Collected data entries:

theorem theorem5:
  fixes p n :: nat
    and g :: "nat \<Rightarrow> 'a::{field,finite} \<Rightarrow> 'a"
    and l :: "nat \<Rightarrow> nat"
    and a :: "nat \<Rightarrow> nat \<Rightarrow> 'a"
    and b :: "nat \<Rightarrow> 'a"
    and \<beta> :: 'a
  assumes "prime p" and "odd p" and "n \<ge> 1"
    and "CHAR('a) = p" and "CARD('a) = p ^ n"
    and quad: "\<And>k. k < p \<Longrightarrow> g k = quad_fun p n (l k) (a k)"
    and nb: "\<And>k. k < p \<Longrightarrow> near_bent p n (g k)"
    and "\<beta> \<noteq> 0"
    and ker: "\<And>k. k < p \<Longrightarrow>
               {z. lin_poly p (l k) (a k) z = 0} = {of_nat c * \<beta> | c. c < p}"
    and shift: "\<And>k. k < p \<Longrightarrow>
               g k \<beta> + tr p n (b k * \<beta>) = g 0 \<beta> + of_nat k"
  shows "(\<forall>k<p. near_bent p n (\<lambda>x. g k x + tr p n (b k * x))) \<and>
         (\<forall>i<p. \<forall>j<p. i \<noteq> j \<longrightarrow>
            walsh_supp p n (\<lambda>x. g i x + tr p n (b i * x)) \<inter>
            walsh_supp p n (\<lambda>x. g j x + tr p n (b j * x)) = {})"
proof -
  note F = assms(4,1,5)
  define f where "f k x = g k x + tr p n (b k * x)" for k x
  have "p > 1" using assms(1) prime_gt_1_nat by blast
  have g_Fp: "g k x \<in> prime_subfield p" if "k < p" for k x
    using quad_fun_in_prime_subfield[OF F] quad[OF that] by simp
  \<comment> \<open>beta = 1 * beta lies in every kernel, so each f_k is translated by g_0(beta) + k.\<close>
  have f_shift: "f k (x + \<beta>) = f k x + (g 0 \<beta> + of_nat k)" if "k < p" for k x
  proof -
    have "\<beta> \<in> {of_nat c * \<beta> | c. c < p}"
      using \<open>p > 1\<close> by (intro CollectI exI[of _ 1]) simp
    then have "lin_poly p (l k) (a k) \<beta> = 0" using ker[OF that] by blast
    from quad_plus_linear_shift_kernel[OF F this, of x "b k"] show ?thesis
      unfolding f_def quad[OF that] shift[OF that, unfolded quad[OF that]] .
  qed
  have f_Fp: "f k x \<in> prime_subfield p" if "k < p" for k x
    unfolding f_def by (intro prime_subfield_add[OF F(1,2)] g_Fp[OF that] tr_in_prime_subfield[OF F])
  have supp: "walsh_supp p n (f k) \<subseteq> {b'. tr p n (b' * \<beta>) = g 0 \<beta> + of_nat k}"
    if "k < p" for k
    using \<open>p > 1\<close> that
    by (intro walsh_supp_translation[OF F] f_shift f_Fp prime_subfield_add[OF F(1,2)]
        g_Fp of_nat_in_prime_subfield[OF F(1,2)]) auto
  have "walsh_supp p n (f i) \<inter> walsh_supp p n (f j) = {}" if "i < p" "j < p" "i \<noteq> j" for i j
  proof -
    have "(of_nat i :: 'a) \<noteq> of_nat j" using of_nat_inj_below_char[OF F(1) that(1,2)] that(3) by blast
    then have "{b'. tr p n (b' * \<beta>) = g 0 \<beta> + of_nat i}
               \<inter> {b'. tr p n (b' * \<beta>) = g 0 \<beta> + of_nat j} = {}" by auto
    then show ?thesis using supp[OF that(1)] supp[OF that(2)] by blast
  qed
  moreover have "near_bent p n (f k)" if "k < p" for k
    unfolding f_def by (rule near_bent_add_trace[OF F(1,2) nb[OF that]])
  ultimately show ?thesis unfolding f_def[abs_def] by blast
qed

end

* * *

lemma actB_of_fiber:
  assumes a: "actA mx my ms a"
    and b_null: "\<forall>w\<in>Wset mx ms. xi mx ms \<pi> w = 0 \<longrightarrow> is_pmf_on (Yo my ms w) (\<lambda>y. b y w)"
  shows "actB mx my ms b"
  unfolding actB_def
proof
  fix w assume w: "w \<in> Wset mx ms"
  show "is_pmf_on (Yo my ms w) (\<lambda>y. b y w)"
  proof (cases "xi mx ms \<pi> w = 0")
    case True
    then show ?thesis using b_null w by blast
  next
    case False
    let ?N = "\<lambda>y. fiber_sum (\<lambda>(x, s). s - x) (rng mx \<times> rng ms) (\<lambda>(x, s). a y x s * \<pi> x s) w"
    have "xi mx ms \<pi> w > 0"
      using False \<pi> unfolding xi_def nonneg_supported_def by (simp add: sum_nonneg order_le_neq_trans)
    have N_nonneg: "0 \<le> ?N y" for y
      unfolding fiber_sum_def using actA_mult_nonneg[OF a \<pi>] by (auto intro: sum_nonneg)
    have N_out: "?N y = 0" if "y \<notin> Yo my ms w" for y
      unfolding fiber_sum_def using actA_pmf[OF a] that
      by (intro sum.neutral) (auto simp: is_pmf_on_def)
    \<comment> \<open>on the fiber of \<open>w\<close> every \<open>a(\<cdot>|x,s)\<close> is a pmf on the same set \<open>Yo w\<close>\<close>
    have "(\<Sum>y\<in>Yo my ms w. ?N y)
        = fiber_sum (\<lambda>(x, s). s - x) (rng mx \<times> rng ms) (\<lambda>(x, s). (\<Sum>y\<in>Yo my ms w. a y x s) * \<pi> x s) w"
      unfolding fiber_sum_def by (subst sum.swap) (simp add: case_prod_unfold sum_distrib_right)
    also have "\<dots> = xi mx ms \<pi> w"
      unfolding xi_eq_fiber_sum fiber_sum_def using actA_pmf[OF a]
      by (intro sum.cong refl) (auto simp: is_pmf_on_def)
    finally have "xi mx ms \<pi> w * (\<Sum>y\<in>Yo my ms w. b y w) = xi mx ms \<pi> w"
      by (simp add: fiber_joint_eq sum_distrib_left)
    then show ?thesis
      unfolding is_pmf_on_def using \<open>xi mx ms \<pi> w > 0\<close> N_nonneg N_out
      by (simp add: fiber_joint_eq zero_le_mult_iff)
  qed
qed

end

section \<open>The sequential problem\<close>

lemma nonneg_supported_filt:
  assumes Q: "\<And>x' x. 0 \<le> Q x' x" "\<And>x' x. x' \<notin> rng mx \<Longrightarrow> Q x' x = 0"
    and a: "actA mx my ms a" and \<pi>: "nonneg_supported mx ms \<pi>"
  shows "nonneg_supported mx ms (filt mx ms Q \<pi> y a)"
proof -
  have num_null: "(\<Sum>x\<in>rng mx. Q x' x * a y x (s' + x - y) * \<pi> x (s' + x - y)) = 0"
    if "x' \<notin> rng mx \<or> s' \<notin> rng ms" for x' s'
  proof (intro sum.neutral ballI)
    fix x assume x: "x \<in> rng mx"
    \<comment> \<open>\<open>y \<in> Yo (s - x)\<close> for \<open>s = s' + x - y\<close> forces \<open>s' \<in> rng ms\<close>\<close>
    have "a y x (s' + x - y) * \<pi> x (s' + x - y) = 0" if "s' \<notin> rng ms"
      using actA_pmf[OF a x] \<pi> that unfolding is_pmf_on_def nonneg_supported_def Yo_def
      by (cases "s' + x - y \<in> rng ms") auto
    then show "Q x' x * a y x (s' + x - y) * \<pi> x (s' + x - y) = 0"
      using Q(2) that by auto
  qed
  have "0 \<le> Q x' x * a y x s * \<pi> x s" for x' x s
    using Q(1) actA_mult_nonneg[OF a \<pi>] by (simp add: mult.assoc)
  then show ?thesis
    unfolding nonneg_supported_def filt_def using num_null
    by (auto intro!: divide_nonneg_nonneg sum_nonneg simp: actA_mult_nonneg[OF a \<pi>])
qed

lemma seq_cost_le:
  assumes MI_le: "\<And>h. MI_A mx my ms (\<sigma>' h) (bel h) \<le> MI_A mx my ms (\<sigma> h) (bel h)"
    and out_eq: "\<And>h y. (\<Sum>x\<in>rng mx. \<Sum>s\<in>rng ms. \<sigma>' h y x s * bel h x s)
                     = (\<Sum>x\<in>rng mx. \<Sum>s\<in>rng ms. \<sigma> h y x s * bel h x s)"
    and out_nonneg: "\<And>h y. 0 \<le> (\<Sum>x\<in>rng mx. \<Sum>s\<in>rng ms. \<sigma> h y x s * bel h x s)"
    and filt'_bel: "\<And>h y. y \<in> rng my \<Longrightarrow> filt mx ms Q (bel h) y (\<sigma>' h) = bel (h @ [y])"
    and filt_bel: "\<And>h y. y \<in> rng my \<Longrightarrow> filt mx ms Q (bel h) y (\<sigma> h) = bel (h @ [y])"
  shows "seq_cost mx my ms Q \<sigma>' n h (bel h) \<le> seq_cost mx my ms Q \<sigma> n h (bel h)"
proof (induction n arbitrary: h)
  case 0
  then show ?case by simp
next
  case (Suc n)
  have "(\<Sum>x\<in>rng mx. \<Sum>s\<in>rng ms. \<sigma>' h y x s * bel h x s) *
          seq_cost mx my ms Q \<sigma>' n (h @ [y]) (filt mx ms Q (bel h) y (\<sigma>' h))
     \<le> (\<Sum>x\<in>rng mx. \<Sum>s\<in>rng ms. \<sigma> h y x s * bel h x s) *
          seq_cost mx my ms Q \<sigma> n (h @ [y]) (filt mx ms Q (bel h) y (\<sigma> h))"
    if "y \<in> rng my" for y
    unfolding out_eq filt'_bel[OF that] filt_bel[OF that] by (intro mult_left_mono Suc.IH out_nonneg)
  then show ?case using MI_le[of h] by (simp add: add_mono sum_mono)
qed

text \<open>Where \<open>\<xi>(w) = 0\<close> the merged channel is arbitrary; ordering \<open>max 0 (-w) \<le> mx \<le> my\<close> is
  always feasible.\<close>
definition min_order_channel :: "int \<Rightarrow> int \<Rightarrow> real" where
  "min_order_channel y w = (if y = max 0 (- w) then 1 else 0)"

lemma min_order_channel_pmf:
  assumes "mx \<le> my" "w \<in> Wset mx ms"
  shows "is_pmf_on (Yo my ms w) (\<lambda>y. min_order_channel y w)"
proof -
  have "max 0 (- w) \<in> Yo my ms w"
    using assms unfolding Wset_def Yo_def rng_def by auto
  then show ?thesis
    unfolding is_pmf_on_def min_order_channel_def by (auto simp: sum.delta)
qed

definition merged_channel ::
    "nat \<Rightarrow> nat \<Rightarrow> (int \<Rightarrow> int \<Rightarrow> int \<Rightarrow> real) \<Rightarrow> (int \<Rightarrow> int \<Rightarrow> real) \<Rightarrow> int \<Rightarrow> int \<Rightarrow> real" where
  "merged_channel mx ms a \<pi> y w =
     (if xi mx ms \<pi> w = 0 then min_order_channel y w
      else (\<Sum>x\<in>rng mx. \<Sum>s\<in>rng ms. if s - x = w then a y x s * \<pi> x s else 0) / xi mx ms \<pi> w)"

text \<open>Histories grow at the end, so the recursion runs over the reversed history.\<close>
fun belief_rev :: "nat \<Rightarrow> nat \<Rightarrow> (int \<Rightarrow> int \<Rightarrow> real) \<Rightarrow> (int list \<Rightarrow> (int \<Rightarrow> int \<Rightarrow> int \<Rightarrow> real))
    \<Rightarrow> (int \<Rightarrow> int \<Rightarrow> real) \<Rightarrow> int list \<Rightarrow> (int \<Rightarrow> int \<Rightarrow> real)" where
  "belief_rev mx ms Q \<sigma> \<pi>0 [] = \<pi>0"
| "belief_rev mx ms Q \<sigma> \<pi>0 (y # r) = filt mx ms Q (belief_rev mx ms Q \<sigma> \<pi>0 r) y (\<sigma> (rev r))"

(Work item) Reproduce, word for word and in full, only the lines above that start at the line with "(\<forall>i<p. \<forall>j<p. i" and run through the line with "using \<open>p > 1\<close> by", both ends included.

(Your response)
         (\<forall>i<p. \<forall>j<p. i \<noteq> j \<longrightarrow>
            walsh_supp p n (\<lambda>x. g i x + tr p n (b i * x)) \<inter>
            walsh_supp p n (\<lambda>x. g j x + tr p n (b j * x)) = {})"
proof -
  note F = assms(4,1,5)
  define f where "f k x = g k x + tr p n (b k * x)" for k x
  have "p > 1" using assms(1) prime_gt_1_nat by blast
  have g_Fp: "g k x \<in> prime_subfield p" if "k < p" for k x
    using quad_fun_in_prime_subfield[OF F] quad[OF that] by simp
  \<comment> \<open>beta = 1 * beta lies in every kernel, so each f_k is translated by g_0(beta) + k.\<close>
  have f_shift: "f k (x + \<beta>) = f k x + (g 0 \<beta> + of_nat k)" if "k < p" for k x
  proof -
    have "\<beta> \<in> {of_nat c * \<beta> | c. c < p}"
      using \<open>p > 1\<close> by (intro CollectI exI[of _ 1]) simp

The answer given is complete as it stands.